METHODS: Selenium-binding protein 1 (SELENBP1), USP15, CCL2/5, CXCL10/11, IL-4, and TGF-β1 mRNA levels were detected using real-time quantitative polymerase chain reaction (RT-qPCR). SELENBP1, USP15, GPX4, IL-10, Arg-1, Granzyme B, TNF-α, and PR domain zinc finger protein 1 (PRDM1) protein levels were examined by western blot assay. Fe+ level, malondialdehyde (MDA), and lipid-ROS levels were determined using special kits. The proportion of CD11b+CD206+ positive cells was detected using a flow cytometry assay. The role of SELENBP1 on TC cell growth was examined using a xenograft tumor model in vivo. After GeneMANIA prediction, the interaction between USP15 and SELENBP1 was verified using Co-immunoprecipitation (CoIP) assay. The binding between PRDM1 and USP15 promoter was predicted by JASPAR and validated using Chromatin immunoprecipitation (ChIP) and dual-luciferase reporter assays.

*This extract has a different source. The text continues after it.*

(* For a vertex-colored graph $(G,\sigma)$ whose coloring uses exactly two colors, the following are equivalent: (1) $(G,\sigma)$ is a $2$-RBMG; (2) $(G,\sigma)$ is a properly $2$-colored bicluster graph containing at least one edge; (3) $(G,\sigma)$ is a $2$-RBMG and an orthology graph; (4) $(G,\sigma)$ is a $2$-hc-cograph.
   Context: All graphs are finite, simple and undirected. A vertex coloring is a surjective map $\sigma:V\to S$; $(G,\sigma)$ is properly colored if adjacent vertices receive distinct colors. A phylogenetic tree $T$ on $L$ is a rooted tree with root $\rho_T$ and leaf set $L$ whose inner vertices other than the root have degree at least three; $u\preceq_T v$ means $v$ lies on the path from the root to $u$, and $\mathrm{lca}_T$ denotes last common ancestor. For a surjective leaf coloring $\sigma:L\to S$, a leaf $y$ is a best match of $x$ if $\sigma(x)\neq\sigma(y)$ and $\mathrm{lca}_T(x,y)\preceq_T\mathrm{lca}_T(x,y')$ for all $y'$ with $\sigma(y')=\sigma(y)$; reciprocal best matches are pairs each a best match of the other; $G(T,\sigma)$ is the graph on $L$ with edges the reciprocal best matches. A properly colored $(G,\sigma)$ is an RBMG if $G(T,\sigma)=(G,\sigma)$ for some leaf-colored tree $(T,\sigma)$; it is an $n$-RBMG if moreover $|\sigma(V)|=n$. A graph $G$ is an orthology graph if there is a phylogenetic tree $T$ on $V(G)$ with inner-vertex labeling $t:V^0(T)\to\{0,1\}$ such that $xy\in E(G)$ iff $t(\mathrm{lca}_T(x,y))=1$. For colored vertex-disjoint graphs, their join/disjoint union carry the combined coloring. A colored graph $(G,\sigma)$ is a hierarchically colored cograph (hc-cograph) if (K1) it is a single colored vertex, or (K2) $(G,\sigma)=(H,\sigma_H)\Join(H',\sigma_{H'})$ (join: disjoint union plus all edges between $V(H)$ and $V(H')$) with $\sigma(V(H))\cap\sigma(V(H'))=\emptyset$, or (K3) $(G,\sigma)=(H,\sigma_H)\,\dot\cup\,(H',\sigma_{H'})$ with $\sigma(V(H))\cap\sigma(V(H'))\in\{\sigma(V(H)),\sigma(V(H'))\}$, where in (K2),(K3) both $(H,\sigma_H),(H',\sigma_{H'})$ are hc-cographs; an $n$-hc-cograph is one using exactly $n$ colors. A biclique is either $K_1$ or a complete bipartite graph; a bicluster graph is a graph whose connected components are bicliques. *)

theory Defs
  imports Main
begin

RESULTS: SELENBP1 was increased in TC subjects and cell lines, and its knockdown repressed TC cell proliferation, migration, invasion, immune escape, and induced ferroptosis in vitro, as well as blocked tumor growth in vivo. In mechanism, USP15 interacted with SELENBP1 and maintained its stabilization by removing ubiquitin. Meanwhile, the upregulation of USP15 was induced by the transcription factor PRDM1.

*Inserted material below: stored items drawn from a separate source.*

lemma pullback_poset_cat:
  assumes "x < n" "y < n" "z < n" "le x z" "le y z"
    and p: "is_meet n le {x, y} p"
  shows "is_pullback (poset_cat n le) (poset_arr n x z) (poset_arr n y z)
           (poset_arr n p x) (poset_arr n p y)"
  unfolding is_pullback_def
proof (intro conjI allI impI)
  let ?C = "poset_cat n le"
  fix a' b' assume h: "a' \<in> Arr ?C \<and> b' \<in> Arr ?C \<and> Dom ?C a' = Dom ?C b' \<and>
      Cod ?C a' = Dom ?C (poset_arr n x z) \<and> Cod ?C b' = Dom ?C (poset_arr n y z) \<and>
      Comp ?C (poset_arr n x z) a' = Comp ?C (poset_arr n y z) b'"
  define q where "q = a' div n"
  have "a' div n = q" "a' mod n = x" "b' div n = q" "b' mod n = y"
    using h \<open>z < n\<close> unfolding q_def by auto
  then have a': "a' = poset_arr n q x" and b': "b' = poset_arr n q y"
    by (metis poset_arr_endpoints)+
  have "q < n" "le q x" "le q y"
    using h a' b' \<open>x < n\<close> \<open>y < n\<close> by auto
  then have "le q p"
    using p unfolding is_meet_def by auto
  show "\<exists>!h. h \<in> Arr ?C \<and> Dom ?C h = Dom ?C a' \<and> Cod ?C h = Dom ?C (poset_arr n p x) \<and>
      Comp ?C (poset_arr n p x) h = a' \<and> Comp ?C (poset_arr n p y) h = b'"
  proof
    show "poset_arr n q p \<in> Arr ?C \<and> Dom ?C (poset_arr n q p) = Dom ?C a' \<and>
      Cod ?C (poset_arr n q p) = Dom ?C (poset_arr n p x) \<and>
      Comp ?C (poset_arr n p x) (poset_arr n q p) = a' \<and>
      Comp ?C (poset_arr n p y) (poset_arr n q p) = b'"
      using p \<open>q < n\<close> \<open>le q p\<close> \<open>x < n\<close> \<open>y < n\<close> unfolding a' b' is_meet_def
      by auto
  next
    fix h assume "h \<in> Arr ?C \<and> Dom ?C h = Dom ?C a' \<and> Cod ?C h = Dom ?C (poset_arr n p x) \<and>
      Comp ?C (poset_arr n p x) h = a' \<and> Comp ?C (poset_arr n p y) h = b'"
    then show "h = poset_arr n q p"
      using p \<open>x < n\<close> unfolding a' is_meet_def
      by (metis poset_cat_simps(3,4) poset_arr_div_mod(1) poset_arr_endpoints)
  qed
qed (use assms in \<open>auto simp: is_meet_def\<close>)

CONCLUSIONS: USP15 transcriptionally mediated by PRDM1 might boost TC cell malignant behaviors through deubiquitinating SELENBP1, providing a promising therapeutic target for TC treatment.
摘要:
背景:去泛素化酶泛素特异性肽酶15(USP15)在各种癌症中上调,并通过增加几种癌基因的表达来促进肿瘤进展。本项目旨在探讨USP15在甲状腺癌进展中的作用及机制。
方法:硒结合蛋白1(SELENBP1),使用实时定量聚合酶链反应(RT-qPCR)检测USP15,CCL2/5,CXCL10/11,IL-4和TGF-β1mRNA水平。SELENBP1,USP15,GPX4,IL-10,Arg-1,粒酶B,TNF-α,和PR结构域锌指蛋白1(PRDM1)蛋白水平通过蛋白质印迹法检测。Fe+水平,丙二醛(MDA),使用特殊试剂盒测定脂质-ROS水平。使用流式细胞术测定检测CD11b+CD206+阳性细胞的比例。在体内使用异种移植肿瘤模型检查SELENBP1对TC细胞生长的作用。遗传MANIA预测后,USP15和SELENBP1之间的相互作用使用免疫共沉淀(CoIP)分析进行了验证.PRDM1和USP15启动子之间的结合由JASPAR预测,并使用染色质免疫沉淀(ChIP)和双荧光素酶报告基因测定进行验证。

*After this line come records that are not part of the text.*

(* Let $\lambda$ be a nonempty partition with Frobenius coordinates $(\vec s|\vec t)$ of rank $d$. Then, as rational functions of $R$, $$\tilde s^{(R)}_\lambda=\left|\tilde s^{(R)}_{(s_i|t_j)}\right|_{d\times d}=\left|\frac{\Gamma(R-t_j)/\Gamma(R+s_i+1)}{s_i!\,t_j!\,(1+s_i+t_j)}\right|_{d\times d}.$$
   Context: For an integer $m\ge0$, $\tilde h^{(R)}_m:=\frac{(R-1)!}{(R+m-1)!\,m!}=\frac{1}{m!\,R(R+1)\cdots(R+m-1)}$, and $\tilde h^{(R)}_m:=0$ for $m<0$. For a partition $\mu$ with $l(\mu)$ parts, $\tilde s^{(R)}_\mu:=\left|\tilde h^{(R-j+1)}_{\mu_i-i+j}\right|_{l(\mu)\times l(\mu)}$ (determinant). Frobenius coordinates of a partition of rank $d$ (number of $i$ with $\lambda_i\ge i$): $s_i=\lambda_i-i$, $t_i=\lambda^t_i-i$; $(s|t)$ denotes the hook partition $(s+1,1^t)$. $\Gamma(R-t)/\Gamma(R+s+1)=1/\big((R-t)(R-t+1)\cdots(R+s)\big)$. *)

theory Defs
  imports Complex_Main "Jordan_Normal_Form.Determinant"
begin

definition is_partition :: "nat list \<Rightarrow> bool" where
  "is_partition lam \<longleftrightarrow> sorted_wrt (\<ge>) lam \<and> 0 \<notin> set lam"

definition part :: "nat list \<Rightarrow> nat \<Rightarrow> nat" where
  "part lam i = (if 1 \<le> i \<and> i \<le> length lam then lam ! (i - 1) else 0)"

definition conj_part :: "nat list \<Rightarrow> nat \<Rightarrow> nat" where
  "conj_part lam i = card {k \<in> {1..length lam}. part lam k \<ge> i}"

definition prank :: "nat list \<Rightarrow> nat" where
  "prank lam = card {i \<in> {1..length lam}. part lam i \<ge> i}"

definition frob_s :: "nat list \<Rightarrow> nat \<Rightarrow> nat" where
  "frob_s lam i = part lam i - i"

definition frob_t :: "nat list \<Rightarrow> nat \<Rightarrow> nat" where
  "frob_t lam i = conj_part lam i - i"

text \<open>Hook partition (s|t) = (s+1, 1^t).\<close>
definition hook :: "nat \<Rightarrow> nat \<Rightarrow> nat list" where
  "hook s t = (s + 1) # replicate t 1"

definition htilde :: "real \<Rightarrow> int \<Rightarrow> real" where
  "htilde R m = (if m < 0 then 0
     else 1 / (fact (nat m) * pochhammer R (nat m)))"

text \<open>s~^(R)_mu = det [h~^(R-j+1)_(mu_i - i + j)]_{i,j=1..l(mu)};
  written with 0-based indices i,j < l(mu).\<close>
definition stilde :: "real \<Rightarrow> nat list \<Rightarrow> real" where
  "stilde R mu = det (mat (length mu) (length mu)
     (\<lambda>(i, j). htilde (R - real j) (int (part mu (i + 1)) - int i + int j)))"

text \<open>Gamma(R-t)/Gamma(R+s+1) = 1/((R-t)(R-t+1)...(R+s)).\<close>
definition gamma_ratio :: "real \<Rightarrow> nat \<Rightarrow> nat \<Rightarrow> real" where
  "gamma_ratio R s t = 1 / pochhammer (R - real t) (s + t + 1)"

end

theory Submission
  imports Defs
begin

text \<open>
  Let M = [h~^(R-j)_(lambda_i - i + j)] be the l x l matrix defining s~_lambda. It factors as
  M = N U with U = [h~^(R-j)_(j-k)] unitriangular. For i > d, row i of M is row i - 1 - lambda_i
  of U, so row i of N is a unit vector. For i \<le> d, row i of N is ((-1)^k c(s_i, k))_k, where
  c(s, t) is the closed form on the right-hand side of the theorem: the required convolution
  sum_k (-1)^k c(a, k) h~^(R-j)_(j-k) = h~^(R-j)_(a+1+j) reduces to the beta-integral identity
  sum_k (-1)^k C(m,k)/(x+k) = m!/(x(x+1)...(x+m)).
  The columns t_1 > ... > t_d and the positions i - 1 - lambda_i (i > d) of the unit rows
  partition {0, ..., l-1}, so expanding det N along its unit rows leaves the minor of the first
  d rows on the columns t_j, in which the signs (-1)^(t_j) cancel. Applied to a hook, which has
  rank 1, the same formula shows c(s, t) = s~_(s|t).
\<close>

lemma det_expand_first_column:
  fixes f :: "nat \<Rightarrow> nat \<Rightarrow> 'a::comm_ring_1"
  assumes "0 < d"
  shows "det (mat d d (\<lambda>(i, k). f i k)) =
    (\<Sum>i<d. (-1)^i * f i 0 * det (mat (d - 1) (d - 1) (\<lambda>(p, k). f (insert_index i p) (Suc k))))"
proof -
  let ?F = "mat d d (\<lambda>(i, k). f i k)"
  let ?minor = "\<lambda>i. mat (d - 1) (d - 1) (\<lambda>(p, k). f (insert_index i p) (Suc k))"
  have "det ?F = (\<Sum>i<d. ?F $$ (i, 0) * cofactor ?F i 0)"
    by (rule laplace_expansion_column) (use assms in auto)
  also have "\<dots> = (\<Sum>i<d. (-1)^i * f i 0 * det (?minor i))"
  proof (rule sum.cong[OF refl])
    fix i assume i: "i \<in> {..<d}"
    then have "mat_delete ?F i 0 = ?minor i"
      by (intro eq_matI) (auto simp: mat_delete_def insert_index_def)
    then show "?F $$ (i, 0) * cofactor ?F i 0 = (-1)^i * f i 0 * det (?minor i)"
      using i assms by (simp add: cofactor_def)
  qed
  finally show ?thesis .
qed

lemma det_expand_column_top_rows:
  fixes M :: "'a::comm_ring_1 mat"
  assumes "M \<in> carrier_mat n n" "j < n" "d \<le> n"
    and "\<And>i. d \<le> i \<Longrightarrow> i < n \<Longrightarrow> M $$ (i, j) = 0"
  shows "det M = (\<Sum>i<d. M $$ (i, j) * cofactor M i j)"
proof -
  have "det M = (\<Sum>i<n. M $$ (i, j) * cofactor M i j)"
    by (rule laplace_expansion_column[OF assms(1,2)])
  also have "\<dots> = (\<Sum>i<d. M $$ (i, j) * cofactor M i j)"
    by (rule sum.mono_neutral_right) (use assms(3,4) in auto)
  finally show ?thesis .
qed

lemma det_last_row_unit:
  fixes M :: "'a::comm_ring_1 mat"
  assumes "M \<in> carrier_mat (Suc n) (Suc n)"
    and "\<And>j. j < Suc n \<Longrightarrow> M $$ (n, j) = of_bool (j = n)"
  shows "det M = det (mat_delete M n n)"
proof -
  have "det M = (\<Sum>j<Suc n. M $$ (n, j) * cofactor M n j)"
    by (rule laplace_expansion_row[OF assms(1)]) simp
  also have "\<dots> = cofactor M n n"
    using assms(2) by (simp add: sum.lessThan_Suc)
  finally show ?thesis by (simp add: cofactor_def)
qed

lemma image_Un_image_eq_lessThan:
  fixes b u :: "nat \<Rightarrow> nat" and d n :: nat
  assumes "inj_on b {..<d}" "inj_on u {d..<n}" "b ` {..<d} \<inter> u ` {d..<n} = {}"
    and "b ` {..<d} \<subseteq> {..<n}" "u ` {d..<n} \<subseteq> {..<n}" "d \<le> n"
  shows "b ` {..<d} \<union> u ` {d..<n} = {..<n}"
proof (rule card_subset_eq)
  have "card (b ` {..<d} \<union> u ` {d..<n}) = card (b ` {..<d}) + card (u ` {d..<n})"
    by (rule card_Un_disjoint) (use assms(3) in auto)
  also have "\<dots> = card {..<n}"
    using card_image[OF assms(1)] card_image[OF assms(2)] assms(6) by simp
  finally show "card (b ` {..<d} \<union> u ` {d..<n}) = card {..<n}" .
qed (use assms(4,5) in auto)

lemma max_index_top_or_unit_row:
  fixes b u :: "nat \<Rightarrow> nat"
  assumes "d \<le> Suc n"
    and "\<And>k. k < d \<Longrightarrow> b k < Suc n"
    and "\<And>k k'. k < k' \<Longrightarrow> k' < d \<Longrightarrow> b k' < b k"
    and "\<And>i i'. d \<le> i \<Longrightarrow> i < i' \<Longrightarrow> i' < Suc n \<Longrightarrow> u i < u i'"
    and "\<And>i. d \<le> i \<Longrightarrow> i < Suc n \<Longrightarrow> u i < Suc n"
    and "\<And>k i. k < d \<Longrightarrow> d \<le> i \<Longrightarrow> i < Suc n \<Longrightarrow> b k \<noteq> u i"
  shows "0 < d \<and> b 0 = n \<or> d \<le> n \<and> u n = n"
proof -
  have "b ` {..<d} \<union> u ` {d..<Suc n} = {..<Suc n}"
  proof (rule image_Un_image_eq_lessThan)
    show "inj_on b {..<d}"
      by (rule inj_onI) (metis assms(3) lessThan_iff nat_neq_iff)
    show "inj_on u {d..<Suc n}"
      by (rule inj_onI) (metis assms(4) atLeastLessThan_iff nat_neq_iff)
  qed (use assms(1,2,5,6) in auto)
  then have "n \<in> b ` {..<d} \<union> u ` {d..<Suc n}" by simp
  then consider k where "k < d" "b k = n" | i where "d \<le> i" "i < Suc n" "u i = n"
    by fastforce
  then show ?thesis
  proof cases
    case (1 k)
    then have "b k \<le> b 0" using assms(3) by (cases k) (auto intro: less_imp_le)
    with 1 assms(2)[of 0] show ?thesis by simp
  next
    case (2 i)
    have "i = n"
    proof (rule ccontr)
      assume "i \<noteq> n"
      with 2 have "u i < u n" using assms(4)[of i n] by linarith
      with 2 assms(5)[of n] show False by simp
    qed
    with 2 show ?thesis by simp
  qed
qed

lemma det_top_rows_unit_rows:
  fixes C :: "nat \<Rightarrow> nat \<Rightarrow> 'a::comm_ring_1" and b u :: "nat \<Rightarrow> nat"
  assumes "d \<le> n"
    and "\<And>k. k < d \<Longrightarrow> b k < n"
    and "\<And>k k'. k < k' \<Longrightarrow> k' < d \<Longrightarrow> b k' < b k"
    and "\<And>i i'. d \<le> i \<Longrightarrow> i < i' \<Longrightarrow> i' < n \<Longrightarrow> u i < u i'"
    and "\<And>i. d \<le> i \<Longrightarrow> i < n \<Longrightarrow> u i < n"
    and "\<And>k i. k < d \<Longrightarrow> d \<le> i \<Longrightarrow> i < n \<Longrightarrow> b k \<noteq> u i"
  shows "det (mat n n (\<lambda>(i, j). if i < d then C i j else of_bool (j = u i))) =
         det (mat d d (\<lambda>(i, k). (-1)^(b k) * C i (b k)))"
  using assms
proof (induction n arbitrary: d C b u)
  case 0
  then show ?case by simp
next
  case (Suc n)
  define M where "M = mat (Suc n) (Suc n) (\<lambda>(i, j). if i < d then C i j else of_bool (j = u i))"
  have M: "M \<in> carrier_mat (Suc n) (Suc n)" by (simp add: M_def)
  have "0 < d \<and> b 0 = n \<or> d \<le> n \<and> u n = n"
    by (rule max_index_top_or_unit_row) (fact Suc.prems)+
  then show ?case
  proof (elim disjE conjE)
    assume d: "0 < d" and b0: "b 0 = n"
    have u_less: "u i < n" if "d \<le> i" "i < Suc n" for i
      using Suc.prems(5)[OF that] Suc.prems(6)[OF d that] b0 by fastforce
    let ?minor = "\<lambda>i. mat (d - 1) (d - 1)
      (\<lambda>(p, k). (-1)^(b (Suc k)) * C (insert_index i p) (b (Suc k)))"
    have "det M = (\<Sum>i<d. M $$ (i, n) * cofactor M i n)"
      by (rule det_expand_column_top_rows[OF M]) (use Suc.prems(1,6) d b0 in \<open>auto simp: M_def\<close>)
    also have "\<dots> = (\<Sum>i<d. (-1)^i * ((-1)^(b 0) * C i (b 0)) * det (?minor i))"
    proof (rule sum.cong[OF refl])
      fix i assume i: "i \<in> {..<d}"
      have "mat_delete M i n =
          mat n n (\<lambda>(p, q). if p < d - 1 then C (insert_index i p) q else of_bool (q = u (Suc p)))"
        using i by (intro eq_matI) (auto simp: M_def mat_delete_def insert_index_def)
      also have "det \<dots> = det (?minor i)"
        by (rule Suc.IH) (use Suc.prems d b0 u_less in \<open>auto simp: less_diff_conv\<close>)
      finally show "M $$ (i, n) * cofactor M i n = (-1)^i * ((-1)^(b 0) * C i (b 0)) * det (?minor i)"
        using i b0 Suc.prems(1) by (simp add: M_def cofactor_def power_add mult_ac)
    qed
    also have "\<dots> = det (mat d d (\<lambda>(i, k). (-1)^(b k) * C i (b k)))"
      by (subst det_expand_first_column) (use d in simp_all)
    finally show ?thesis by (simp add: M_def)
  next
    assume d: "d \<le> n" and u_last: "u n = n"
    have "det M = det (mat_delete M n n)"
      by (rule det_last_row_unit[OF M]) (use d u_last in \<open>simp add: M_def\<close>)
    also have "mat_delete M n n = mat n n (\<lambda>(i, j). if i < d then C i j else of_bool (j = u i))"
      by (intro eq_matI) (auto simp: M_def mat_delete_def)
    also have "det \<dots> = det (mat d d (\<lambda>(i, k). (-1)^(b k) * C i (b k)))"
    proof (rule Suc.IH)
      show "u i < n" if "d \<le> i" "i < n" for i
        using Suc.prems(4)[OF that(1) that(2)] u_last by simp
      show "b k < n" if "k < d" for k
        using Suc.prems(2)[OF that] Suc.prems(6)[OF that, of n] d u_last by fastforce
    qed (use Suc.prems d in auto)
    finally show ?thesis by (simp add: M_def)
  qed
qed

结果:在TC受试者和细胞系中SELENBP1增加,它的敲除抑制了TC细胞的增殖,迁移,入侵,免疫逃逸,并在体外诱导铁凋亡,以及在体内阻断肿瘤生长。在机制上,USP15与SELENBP1相互作用并通过去除泛素维持其稳定性。同时,转录因子PRDM1诱导了USP15的上调。
结论:由PRDM1转录介导的USP15可能通过去泛素化SELENBP1促进TC细胞的恶性行为,为TC治疗提供了一个有希望的治疗靶点。
方法:硒结合蛋白1(SELENBP1),使用实时定量聚合酶链反应(RT-qPCR)检测USP15,CCL2/5,CXCL10/11,IL-4和TGF-β1mRNA水平。SELENBP1,USP15,GPX4,IL-10,Arg-1,粒酶B,TNF-α,和PR结构域锌指蛋白1(PRDM1)蛋白水平通过蛋白质印迹法检测。Fe+水平,丙二醛(MDA),使用特殊试剂盒测定脂质-ROS水平。使用流式细胞术测定检测CD11b+CD206+阳性细胞的比例。在体内使用异种移植肿瘤模型检查SELENBP1对TC细胞生长的作用。遗传MANIA预测后,USP15和SELENBP1之间的相互作用使用免疫共沉淀(CoIP)分析进行了验证.PRDM1和USP15启动子之间的结合由JASPAR预测,并使用染色质免疫沉淀(ChIP)和双荧光素酶报告基因测定进行验证。
结果:在TC受试者和细胞系中SELENBP1增加,它的敲除抑制了TC细胞的增殖,迁移,入侵,免疫逃逸,并在体外诱导铁凋亡,以及在体内阻断肿瘤生长。在机制上,USP15与SELENBP1相互作用并通过去除泛素维持其稳定性。同时,转录因子PRDM1诱导了USP15的上调。
结论:由PRDM1转录介导的USP15可能通过去泛素化SELENBP1促进TC细胞的恶性行为,为TC治疗提供了一个有希望的治疗靶点。